# Safe Glass Size



## Tyson2007 (Jun 5, 2011)

Hi all
Looking for some advice on safe glass size. Just put together an enclosure, a cube 1068mm by 1068mm by 500mm for my Diamond. I have put a piece of 80mm melamine at both top and bottom and attached the 5mm glass rail to each. Now if I go with 5mm glass I will need two pieces with a height of 900mm by 545mm wide. Just wanted to know whether this will be safe enough given the height and thickness. Or should I put a 150 mm divider in the middle which will allow me two run 375 mm tall pieces.
Advice as to your experience with this size glass in an enclosure would be much appreciated.

Cheers


----------



## cracksinthepitch (Jun 5, 2011)

5mm glass at 900mm high is no issue imo. Can you explain what you mean by safe? Make sure you get the edges sanded so they are nicely rounded. I have glass that is taller and i consider it to be safe, 5mm is very strong and you could also get 4mm and it would still be ok. Some window locks wont fit 5mm glas in 5mm track as there isnt enough room for it to fit between the 2 peices of glass.


----------



## Tyson2007 (Jun 5, 2011)

Thanks for your reply. I just mean is it going to stand up to the accidental bump, or a hungry snake doing the occasions strike at the glass.


----------



## KingSirloin (Jun 5, 2011)

That thickness is fine. I have a water python which regularly tests it for me. Just make sure your tracks are the right way around.....deeper one at the top.

I've had the problem with a few window locks not working. Sometimes you can put them in a vice to slightly straighten the bend.


----------



## pythonmum (Jun 5, 2011)

My tallest glass is just over a metre tall and it had to be tempered to be strong enough. I had it done professionally - also got rounded edges, etc. Very nice, but very expensive. 5mm is nice and strong, but I've also had some trouble with cheap brands of sliding glass lock.


----------



## bucket (Jun 5, 2011)

glass is fine at 5mm i used 4.5 plastic for a 4x4x2 it was so flexiable my diamond got out of & i had to turn my spare room up side down to find him. so glass is safe not plastic


----------



## Banjo (Jun 6, 2011)

Correct me if I'm wrong but isn't most window glass 3-4mm?? So 5mm will be fine.
Each time I get glass when I make my enclosures, I get it cut, edges polished and toughened it has been fairly cheap, 2 pieces 850 X 600 x6mm for less than $100.00.


----------



## Russ2 (Jun 6, 2011)

Banjo said:


> Correct me if I'm wrong but isn't most window glass 3-4mm?? So 5mm will be fine.
> Each time I get glass when I make my enclosures, I get it cut, edges polished and toughened it has been fairly cheap, 2 pieces 850 X 600 x6mm for less than $100.00.


 
where do you get your glass from, it would be worth the drive at that price.


----------



## Banjo (Jun 6, 2011)

Russ2 said:


> where do you get your glass from, it would be worth the drive at that price.



I'll PM you the details mate.


----------



## Just_Plain_Nuts (Jun 6, 2011)

If you are still worried about the safety factor ie kids running into it, you can opt for toughened or safety glass but it's a fair bit more expensive.

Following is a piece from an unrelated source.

(* Let $(V,L,\varphi,E)$ be a valuation system. Suppose there exist a sublattice $C$ of $V$ and a valuation $\psi:C\to E$ such that $\psi$ extends $\varphi$ and $(V,C,\psi,E)$ is complete. Then there is a sublattice $\overline L$ of $V$ and a valuation $\overline\varphi:\overline L\to E$ such that $\overline\varphi$ extends $\varphi$, $(V,\overline L,\overline\varphi,E)$ is complete, and $\psi'$ extends $\overline\varphi$ for every sublattice $C'$ of $V$ and every valuation $\psi':C'\to E$ that extends $\varphi$ and for which $(V,C',\psi',E)$ is complete. Moreover, $\varphi$ is $\Pi_\xi$-extendible and $\overline\varphi=\Pi_\xi\varphi$ for some ordinal number $\xi$.
   Context: A valuation system $(V,L,\varphi,E)$ consists of: (i) a lattice $V$ which is $\sigma$-distributive, i.e. for every $a\in V$ and every sequence $(b_n)$ in $V$ whose infimum exists, $\bigwedge_n(a\vee b_n)$ exists and equals $a\vee\bigwedge_n b_n$, and dually whenever $\bigvee_n b_n$ exists, $\bigvee_n(a\wedge b_n)$ exists and equals $a\wedge\bigvee_n b_n$; (ii) a sublattice $L$ of $V$; (iii) a partially ordered abelian group $E$ which is R-complete: whenever $x_1\ge x_2\ge\cdots$ and $y_1\ge y_2\ge\cdots$ in $E$ are such that $\bigwedge_n(x_n+y_n)$ exists, then $\bigwedge_n x_n$ and $\bigwedge_n y_n$ exist, and dually for increasing sequences and suprema; (iv) a valuation $\varphi:L\to E$, i.e. an order-preserving map with $\varphi(a\wedge b)+\varphi(a\vee b)=\varphi(a)+\varphi(b)$. A map $\psi:C\to E$ extends $\varphi:L\to E$ if $L\subseteq C$ and $\psi|_L=\varphi$. A decreasing sequence $(a_n)$ in $L$ is $\varphi$-convergent if $\bigwedge_n a_n$ exists in $V$ and $\bigwedge_n\varphi(a_n)$ exists in $E$; an increasing sequence $(a_n)$ is $\varphi$-convergent if $\bigvee_n a_n$ exists in $V$ and $\bigvee_n\varphi(a_n)$ exists in $E$. The system is $\Pi$-complete if for every $\varphi$-convergent decreasing $(a_n)$ in $L$, $\bigwedge_n a_n\in L$ and $\varphi(\bigwedge_n a_n)=\bigwedge_n\varphi(a_n)$; $\Sigma$-complete dually with increasing sequences and suprema; complete if both. $\Pi L:=\{\bigwedge_n a_n:(a_n)\ \varphi\text{-convergent decreasing in }L\}$, and $\varphi$ is $\Pi$-extendible if there is a valuation $\Pi\varphi:\Pi L\to E$ with $\Pi\varphi(\bigwedge_n a_n)=\bigwedge_n\varphi(a_n)$ for all such sequences; $\Sigma L$, $\Sigma$-extendible and $\Sigma\varphi$ are defined dually. The hierarchy is defined by transfinite recursion: $\varphi$ is $\Pi_0$- and $\Sigma_0$-extendible with $\Pi_0\varphi=\Sigma_0\varphi=\varphi$ (on $\Pi_0L=\Sigma_0L=L$); $\varphi$ is $\Pi_{\alpha+1}$-extendible iff $\varphi$ is $\Sigma_\alpha$-extendible and $\Sigma_\alpha\varphi$ is $\Pi$-extendible, and then $\Pi_{\alpha+1}L=\Pi(\Sigma_\alpha L)$, $\Pi_{\alpha+1}\varphi=\Pi(\Sigma_\alpha\varphi)$; $\varphi$ is $\Sigma_{\alpha+1}$-extendible iff $\varphi$ is $\Pi_\alpha$-extendible and $\Pi_\alpha\varphi$ is $\Sigma$-extendible, and then $\Sigma_{\alpha+1}L=\Sigma(\Pi_\alpha L)$, $\Sigma_{\alpha+1}\varphi=\Sigma(\Pi_\alpha\varphi)$; for a limit ordinal $\lambda$, $\varphi$ is $\Pi_\lambda$-extendible iff it is $\Pi_\alpha$-extendible for all $\alpha<\lambda$, and then $\Pi_\lambda L=\bigcup_{\alpha<\lambda}\Pi_\alpha L$ and $\Pi_\lambda\varphi(c)=\Pi_\beta\varphi(c)$ for $c\in\Pi_\beta L$, $\beta<\lambda$; similarly for $\Sigma_\lambda$. *)

theory Defs
  imports Main
begin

But 5mm is normally sufficient


----------



## Klaery (Jun 6, 2011)

Banjo said:


> Correct me if I'm wrong but isn't most window glass 3-4mm?? So 5mm will be fine.
> Each time I get glass when I make my enclosures, I get it cut, edges polished and toughened it has been fairly cheap, 2 pieces 850 X 600 x6mm for less than $100.00.



Window glass has a frame around it though. 
I am actually making a very tall enclosure (1500mm) using relatively thin glass. The way I am making it work is by using sliding glass door frames, cut down to size  Looks neat and certainly works. Also has a built in lock haha.

Oh p.s. to anyone thinking of doing this. Normal door glass is usually tempered, learnt that the hard way when I tried to cut it down to size too.. Doh!


----------



## Banjo (Jun 6, 2011)

danielk said:


> Window glass has a frame around it though.
> I am actually making a very tall enclosure (1500mm) using relatively thin glass. The way I am making it work is by using sliding glass door frames, cut down to size  Looks neat and certainly works. Also has a built in lock haha.
> 
> Oh p.s. to anyone thinking of doing this. Normal door glass is usually tempered, learnt that the hard way when I tried to cut it down to size too.. Doh!



It will look neat when finished you will have post some pics. I always used 6mm toughened glass with polished edges when I make my larger enclosures, and if it did ever break at least it would shatter into a 1000 pieces.


----------



## Klaery (Jun 6, 2011)

Banjo said:


> It will look neat when finished you will have post some pics. I always used 6mm toughened glass with polished edges when I make my larger enclosures, and if it did ever break at least it would shatter into a 1000 pieces.



Exactly what happened when I tried to cut down the (unknown to me) toughened door glass. I was picking glass out of the grass for hours


----------



## Banjo (Jun 6, 2011)

danielk said:


> Exactly what happened when I tried to cut down the (unknown to me) toughened door glass. I was picking glass out of the grass for hours



At least you can use the vacuum cleaner when cleaning up, when it is in shards like from float glass you be a lot more careful.


----------



## Joemal (Jun 6, 2011)

Tyson2007 said:


> Hi all
> Looking for some advice on safe glass size. Just put together an enclosure, a cube 1068mm by 1068mm by 500mm for my Diamond. I have put a piece of 80mm melamine at both top and bottom and attached the 5mm glass rail to each. Now if I go with 5mm glass I will need two pieces with a height of 900mm by 545mm wide. Just wanted to know whether this will be safe enough given the height and thickness. Or should I put a 150 mm divider in the middle which will allow me two run 375 mm tall pieces.
> Advice as to your experience with this size glass in an enclosure would be much appreciated.
> 
> Cheers


 
I'm about to make a set of doors for my new enclosure and i'm looking at 2 sheets almost a metre square .Still not sure if i will go down that track or go for something else .


----------



## damian83 (Jun 6, 2011)

Just_Plain_Nuts said:


> If you are still worried about the safety factor ie kids running into it, you can opt for toughened or safety glass but it's a fair bit more expensive. But 5mm is normally sufficient



yeah you would need 6mm channels to go for a 5.38 laminated glass wouldnt fit and slide in a 5mm channel, thought laminated glass is a bit more expensive, toughened glass is a fair bit more expensive again. you can try handymen, some of them do glass cheap,


----------



## porks (Jun 8, 2011)

Id try your local demo yard or tip/dump for a second hand door and have it recut by your local glazier


----------